Reinforcement Learning from Human Feedback (RLHF) facilitates the alignment of large language models with human preferences, significantly enhancing the quality of interactions between humans and these models. InstructGPT implements RLHF through several stages, including Supervised Fine-Tuning (SFT), reward model training, and Proximal Policy Optimization (PPO).
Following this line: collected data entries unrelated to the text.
lemma kron_two_row_eq_card_stable_kron_set:
  assumes "l2 \<le> l1" and "mu + nu \<le> l1" and "2 * mu \<le> l1 + l2" and "2 * nu \<le> l1 + l2"
  shows "kron [l1 + l2 - mu, mu] [l1 + l2 - nu, nu] [l1, l2, 0, 0] = int (card (stable_kron_set l2 mu nu))"
proof -
  have "kron [l1 + l2 - mu, mu] [l1 + l2 - nu, nu] [l1, l2, 0, 0] =
      mixed_difference (kron_lhs_shifted l1 l2) mu nu"
    using kron_two_row_eq_mixed_difference[of "kron_lhs_shifted l1 l2" "[l1, l2, 0, 0]" mu nu]
      kron_lhs_coeff_normalize[OF assms(1)] assms(3,4)
    by (simp add: kron_lhs_shifted_def)
  also have "\<dots> = int (card (stable_kron_set l2 mu nu))"
  proof (rule mixed_difference_cumulative)
    fix a b assume "a \<le> Suc mu" "b \<le> Suc nu"
    show "kron_lhs_shifted l1 l2 a b = (\<Sum>u<a. \<Sum>v<b. int (card (stable_kron_set l2 u v)))"
    proof (cases "a = 0 \<or> b = 0")
      case False
      then obtain a' b' where "a = Suc a'" "b = Suc b'" by (meson not0_implies_Suc)
      with \<open>a \<le> Suc mu\<close> \<open>b \<le> Suc nu\<close> assms(2) have "a' + b' \<le> l1" by simp
      then have "kron_lhs_shifted l1 l2 a b =
          int (\<Sum>s\<le>min a' b'. card (bounded_compositions l2 (b' - s) (a' - s) s))"
        unfolding kron_lhs_shifted_def using \<open>a = Suc a'\<close> \<open>b = Suc b'\<close>
        by (simp add: kron_lhs_coeff_stable[OF assms(1)])
      also have "\<dots> = (\<Sum>u<a. \<Sum>v<b. int (card (stable_kron_set l2 u v)))"
        unfolding sum_card_bounded_compositions \<open>a = Suc a'\<close> \<open>b = Suc b'\<close> lessThan_Suc_atMost
        by simp
      finally show ?thesis .
    qed (auto simp: kron_lhs_shifted_def)
  qed
  finally show ?thesis .
qed

lemma card_stable_kron_set:
  assumes "u \<le> l2" and "v \<le> l2"
  shows "card (stable_kron_set l2 u v) = (if l2 \<le> u + v then (u + v - l2) div 2 + 1 else 0)"
proof (cases "l2 \<le> u + v")
  case True
  then have "stable_kron_set l2 u v = {(u + v - l2 + 1) div 2 .. u + v - l2}"
    using assms unfolding stable_kron_set_def by auto
  with True show ?thesis by simp
next
  case False
  then have "stable_kron_set l2 u v = {}" unfolding stable_kron_set_def by auto
  with False show ?thesis by simp
qed

section \<open>The partition function p_S\<close>

lemma pS_eq_card_weighted_pairs:
  assumes "m \<le> n"
  shows "pS (int n) (int m) = int (card {(x3 :: nat, x4 :: nat). x3 + 2 * x4 \<le> m})"
proof -
  have "card {(x1 :: nat, x2 :: nat, x3 :: nat, x4 :: nat). x1 + x3 + x4 = n \<and> x2 + x3 + 2 * x4 = m} =
      card {(x3 :: nat, x4 :: nat). x3 + 2 * x4 \<le> m}"
    by (rule bij_betw_same_card[where f = "\<lambda>(x1, x2, x3, x4). (x3, x4)"],
        rule bij_betw_byWitness[where f' = "\<lambda>(x3, x4). (n - x3 - x4, m - x3 - 2 * x4, x3, x4)"])
      (use assms in auto)
  moreover have "{(x1 :: nat, x2 :: nat, x3 :: nat, x4 :: nat).
        int x1 + int x3 + int x4 = int n \<and> int x2 + int x3 + 2 * int x4 = int m} =
      {(x1, x2, x3, x4). x1 + x3 + x4 = n \<and> x2 + x3 + 2 * x4 = m}"
    by auto
  ultimately show ?thesis unfolding pS_def by simp
qed

lemma card_weighted_pairs_eq: "card {(x3 :: nat, x4 :: nat). x3 + 2 * x4 = m} = m div 2 + 1"
proof -
  have "{(x3 :: nat, x4 :: nat). x3 + 2 * x4 = m} = (\<lambda>x4. (m - 2 * x4, x4)) ` {..m div 2}"
    by (auto simp: image_iff)
  moreover have "inj_on (\<lambda>x4. (m - 2 * x4, x4)) {..m div 2}" by (auto simp: inj_on_def)
  ultimately show ?thesis by (simp add: card_image)
qed

lemma card_weighted_pairs_Suc:
  "card {(x3 :: nat, x4 :: nat). x3 + 2 * x4 \<le> Suc j} =
    card {(x3 :: nat, x4 :: nat). x3 + 2 * x4 \<le> j} + (Suc j div 2 + 1)"
proof -
  have "{(x3 :: nat, x4 :: nat). x3 + 2 * x4 \<le> Suc j} =
      {(x3, x4). x3 + 2 * x4 \<le> j} \<union> {(x3, x4). x3 + 2 * x4 = Suc j}"
    by auto
  moreover have "finite {(x3 :: nat, x4 :: nat). x3 + 2 * x4 \<le> j}"
    and "finite {(x3 :: nat, x4 :: nat). x3 + 2 * x4 = Suc j}"
    by (rule finite_subset[of _ "{..Suc j} \<times> {..Suc j}"]; auto)+
  ultimately show ?thesis
    by (simp only: card_weighted_pairs_eq[symmetric]) (rule card_Un_disjoint; auto)
qed

lemma pS_difference:
  assumes "m \<le> int n"
  shows "pS (int n) m - pS (int n) (m - 1) = (if 0 \<le> m then m div 2 + 1 else 0)"
proof (cases "0 \<le> m")
  case True
  then obtain k where m: "m = int k" by (metis nonneg_int_cases)
  show ?thesis
  proof (cases k)
    case 0
    have "{(x3 :: nat, x4 :: nat). x3 + 2 * x4 \<le> 0} = {(0, 0)}" by auto
    then show ?thesis using pS_eq_card_weighted_pairs[of 0 n] by (simp add: m 0 pS_def)
  next
    case (Suc j)
    then show ?thesis
      using assms pS_eq_card_weighted_pairs[of k n] pS_eq_card_weighted_pairs[of j n]
      by (simp add: m card_weighted_pairs_Suc zdiv_int)
  qed
qed (simp add: pS_def)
PPO, however, is sensitive to hyperparameters and requires a minimum of four models in its standard implementation, which makes it hard to train. In contrast, we propose a novel learning paradigm called RRHF, which scores responses generated by different sampling policies and learns to align them with human preferences through ranking loss. RRHF can efficiently align language model output probabilities with human preferences as robust as fine-tuning and it only needs 1 to 2 models during tuning. In addition, RRHF can be considered an extension of SFT and reward models while being simpler than PPO in terms of coding, model counts, and hyperparameters. The entire alignment process can be accomplished within a single RRHF training session. We evaluate RRHF using LLaMA and Alpaca on Helpful and Harmless data, demonstrating performance comparable to PPO.
翻译:无泪地将等级响应与人类反馈对齐的RRHF
翻译后的摘要
强化学习从人类反馈中学习(RLHF)有助于将大型语言模型与人类偏好对齐,显著提升人类与这些模型之间的交互质量。InstructGPT通过多个阶段实现RLHF,包括监督微调(SFT)、奖励模型训练和近端策略优化(PPO)。然而,PPO对超参数敏感,在标准实现中需要至少四个模型,这使训练难度较大。相比之下,我们提出了一种新的学习范式,称为RRHF,它评分不同采样策略产生的响应,并通过排名损失学习将它们与人类偏好对齐。RRHF可以有效地将语言模型的输出概率与人类偏好对齐,与微调一样稳健,并且在调优过程中只需要1到2个模型。此外,RRHF可以被视为SFT和奖励模型的扩展,同时在编码、模型数量和超参数方面比PPO更简单。整个对齐过程可以在单个RRHF训练会话中完成。我们使用LLaMA和Alpaca对Helpful和Harmless数据进行评估,证明了与PPO相当的性能。